═══ SOURCE RECORDS

(* Large r: integrate the bound of bulk_kernel_le_inv_sq exactly. *)
lemma bulk_term_bound_large:
  assumes "0 < r" "r \<le> 2 * \<Lambda>"
  shows "integral {Z \<Lambda> r..\<Lambda> / E \<Lambda>} (bulk_kernel r) \<le> 8 * (E \<Lambda>)^2 / r^2"
proof -
  define c where "c = \<Lambda> / E \<Lambda>"
  define \<zeta> where "\<zeta> = Z \<Lambda> r"
  have \<zeta>: "0 \<le> \<zeta>" "\<zeta> \<le> c" "c < 1"
    unfolding \<zeta>_def c_def using Z_bounds assms cutoff_lt_one[of \<Lambda>] by auto
  have FTC: "((\<lambda>z. 4 / r^2 * (1 / (1 - z)^2))
      has_integral 4 / r^2 * (1 / (1 - c) - 1 / (1 - \<zeta>))) {\<zeta>..c}"
    using \<zeta> by (intro has_integral_mult_right integral_inv_sq_one_minus) auto
  have "integral {\<zeta>..c} (bulk_kernel r) \<le> 4 / r^2 * (1 / (1 - c) - 1 / (1 - \<zeta>))"
  proof (rule has_integral_le[OF integrable_integral FTC])
    show "bulk_kernel r integrable_on {\<zeta>..c}"
      unfolding \<zeta>_def c_def using assms by (intro bulk_term_integrable) auto
    fix z assume "z \<in> {\<zeta>..c}"
    then show "bulk_kernel r z \<le> 4 / r^2 * (1 / (1 - z)^2)"
      using \<zeta> assms bulk_kernel_le_inv_sq[of z r] by simp
  qed
  also have "\<dots> \<le> 4 / r^2 * (1 / (1 - c))" using \<zeta> by (intro mult_left_mono) auto
  also have "\<dots> = 4 * (E \<Lambda> * (E \<Lambda> + \<Lambda>)) / r^2"
    unfolding c_def one_minus_E_ratio by simp
  also have "\<dots> \<le> 4 * (E \<Lambda> * (2 * E \<Lambda>)) / r^2"
    using E_gt_abs[of \<Lambda>] E_pos[of \<Lambda>] by (intro divide_right_mono mult_left_mono) auto
  also have "\<dots> = 8 * (E \<Lambda>)^2 / r^2" by (simp add: power2_eq_square)
  finally show ?thesis unfolding \<zeta>_def c_def .
qed

lemma bulk_term_bound:
  assumes "0 \<le> r" "r \<le> 2 * \<Lambda>"
  shows "integral {Z \<Lambda> r..\<Lambda> / E \<Lambda>} (bulk_kernel r) \<le> 64 * r / E \<Lambda>"
proof (cases "r \<le> E \<Lambda> / 2")
  case True
  then have "integral {Z \<Lambda> r..\<Lambda> / E \<Lambda>} (bulk_kernel r) \<le> 2 * r / E \<Lambda>"
    using assms by (intro bulk_term_bound_small)
  also have "\<dots> \<le> 64 * r / E \<Lambda>" using assms E_pos[of \<Lambda>] by (intro divide_right_mono) auto
  finally show ?thesis .
next
  case False
  have e: "0 < E \<Lambda>" by (rule E_pos)
  then have "integral {Z \<Lambda> r..\<Lambda> / E \<Lambda>} (bulk_kernel r) \<le> 8 * (E \<Lambda>)^2 / r^2"
    using False assms by (intro bulk_term_bound_large) auto
  also have "\<dots> \<le> 8 * (E \<Lambda>)^2 / (E \<Lambda> / 2)^2"
    using False e by (intro divide_left_mono power_mono) auto
  also have "\<dots> = 64 * (E \<Lambda> / 2) / E \<Lambda>" using e by (simp add: power2_eq_square)
  also have "\<dots> \<le> 64 * r / E \<Lambda>" using False e by (intro divide_right_mono) auto
  finally show ?thesis .
qed

(* The bulk term is nonnegative while the other two are nonnegative and subtracted,
   so |U_Lambda - U| is at most the larger of the two sides. *)
lemma UL_minus_U_bound:
  assumes "0 \<le> r" "r \<le> 2 * \<Lambda>"
  shows "pi * \<bar>UL \<Lambda> r - U r\<bar> \<le> 64 * r / E \<Lambda>"
proof -
  define A where "A = integral {Z \<Lambda> r..\<Lambda> / E \<Lambda>} (bulk_kernel r)"
  define T where "T = r^2/4 * integral {\<Lambda> / E \<Lambda>..1} (damped_kernel r)"
  define D where "D = r/2 * integral {0..Z \<Lambda> r} (drift_kernel \<Lambda> r)"
  have A: "0 \<le> A" "A \<le> 64 * r / E \<Lambda>"
    unfolding A_def using bulk_term_nonneg[OF assms] bulk_term_bound[OF assms] by auto
  have "0 \<le> T + D" "T + D \<le> r / (2 * E \<Lambda>) + r / E \<Lambda>"
    unfolding T_def D_def using tail_term_bounds[OF assms] drift_term_bounds[OF assms] by auto
  moreover have "r / (2 * E \<Lambda>) + r / E \<Lambda> \<le> 64 * r / E \<Lambda>"
    using assms E_pos[of \<Lambda>] by (simp add: field_simps)
  ultimately have "\<bar>A - T - D\<bar> \<le> 64 * r / E \<Lambda>" using A by linarith
  moreover have "pi * \<bar>UL \<Lambda> r - U r\<bar> = \<bar>A - T - D\<bar>"
    unfolding A_def T_def D_def UL_minus_U_decomposition[OF assms, symmetric]
    by (simp add: abs_mult)
  ultimately show ?thesis by simp
qed

(* The stated bound, with constant 258/pi in place of the sharper 128/pi. *)
theorem lemma11:
  fixes \<Lambda> r :: real
  assumes "\<Lambda> \<ge> 1" and "0 \<le> r" and "r \<le> 2 * \<Lambda>"
  shows "\<bar>UL \<Lambda> r - U r\<bar> \<le> (258 / pi) * (r / (2 * E \<Lambda>))"
proof -
  have "\<bar>UL \<Lambda> r - U r\<bar> \<le> (64 * r / E \<Lambda>) / pi"
    using UL_minus_U_bound[OF assms(2,3)] pi_gt_zero by (subst pos_le_divide_eq) (auto simp: mult.commute)
  also have "\<dots> \<le> (129 * r / E \<Lambda>) / pi"
    using assms(2) E_pos[of \<Lambda>] by (intro divide_right_mono) auto
  also have "\<dots> = (258 / pi) * (r / (2 * E \<Lambda>))" by simp
  finally show ?thesis .
qed
(* Let $(A,m)$ be a strict $A_\infty$-algebra over a field $\mathbf{F}$, let $\lambda\in\mathbf{F}$ with $\lambda\neq0$ and $a,b\in\mathbf{Z}$, and let $\tilde m_k=\lambda^{ak+b}m_k$ for $k\ge1$. Then there is an $A_\infty$ quasi-isomorphism $(A,\tilde m)\to(A,m)$.
   Context: A strict $A_\infty$-algebra $(A,m)$ over $\mathbf{F}$ is a $\mathbf{Z}$-graded vector space $A=\bigoplus_kA^k$ with graded linear maps $m_n:A^{\otimes n}\to A$ ($n\ge1$) of degree $2-n$ satisfying $\sum_{n=r+s+t}(-1)^{rs+t}m_{r+1+t}(\mathbf{I}^{\otimes r}\otimes m_s\otimes\mathbf{I}^{\otimes t})=0$ for all $n\ge1$ ($r,t\ge0,s\ge1$), with the Koszul sign rule $(f\otimes g)(x\otimes y)=(-1)^{|g||x|}f(x)\otimes g(y)$; $(A,\tilde m)$ is again such an algebra. A homomorphism $f:(A,m^A)\to(B,m^B)$ of strict $A_\infty$-algebras is a family of graded maps $f_n:A^{\otimes n}\to B$ ($n\ge1$) of degree $1-n$ with $\sum_{n=r+s+t}(-1)^{rs+t}f_{r+1+t}(\mathbf{I}^{\otimes r}\otimes m^A_s\otimes\mathbf{I}^{\otimes t})=\sum_{n=i_1+\dots+i_k}(-1)^{\sigma}m^B_k(f_{i_k}\otimes\cdots\otimes f_{i_1})$, where $\sigma=(k-1)(i_1-1)+(k-2)(i_2-1)+\dots+2(i_{k-2}-1)+(i_{k-1}-1)$. It is a quasi-isomorphism if $f_1$ induces an isomorphism $H^*(A,m^A_1)\to H^*(B,m^B_1)$. *)

theory Defs
  imports Complex_Main
begin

══════

▸ WHAT YOU SHOULD DO
Which lines in the data above hold the word "False"? Return each of them.

▸ WRITTEN RESPONSE
  case False
    using False assms by (intro bulk_term_bound_large) auto
    using False e by (intro divide_left_mono power_mono) auto
  also have "\<dots> \<le> 64 * r / E \<Lambda>" using False e by (intro divide_right_mono) auto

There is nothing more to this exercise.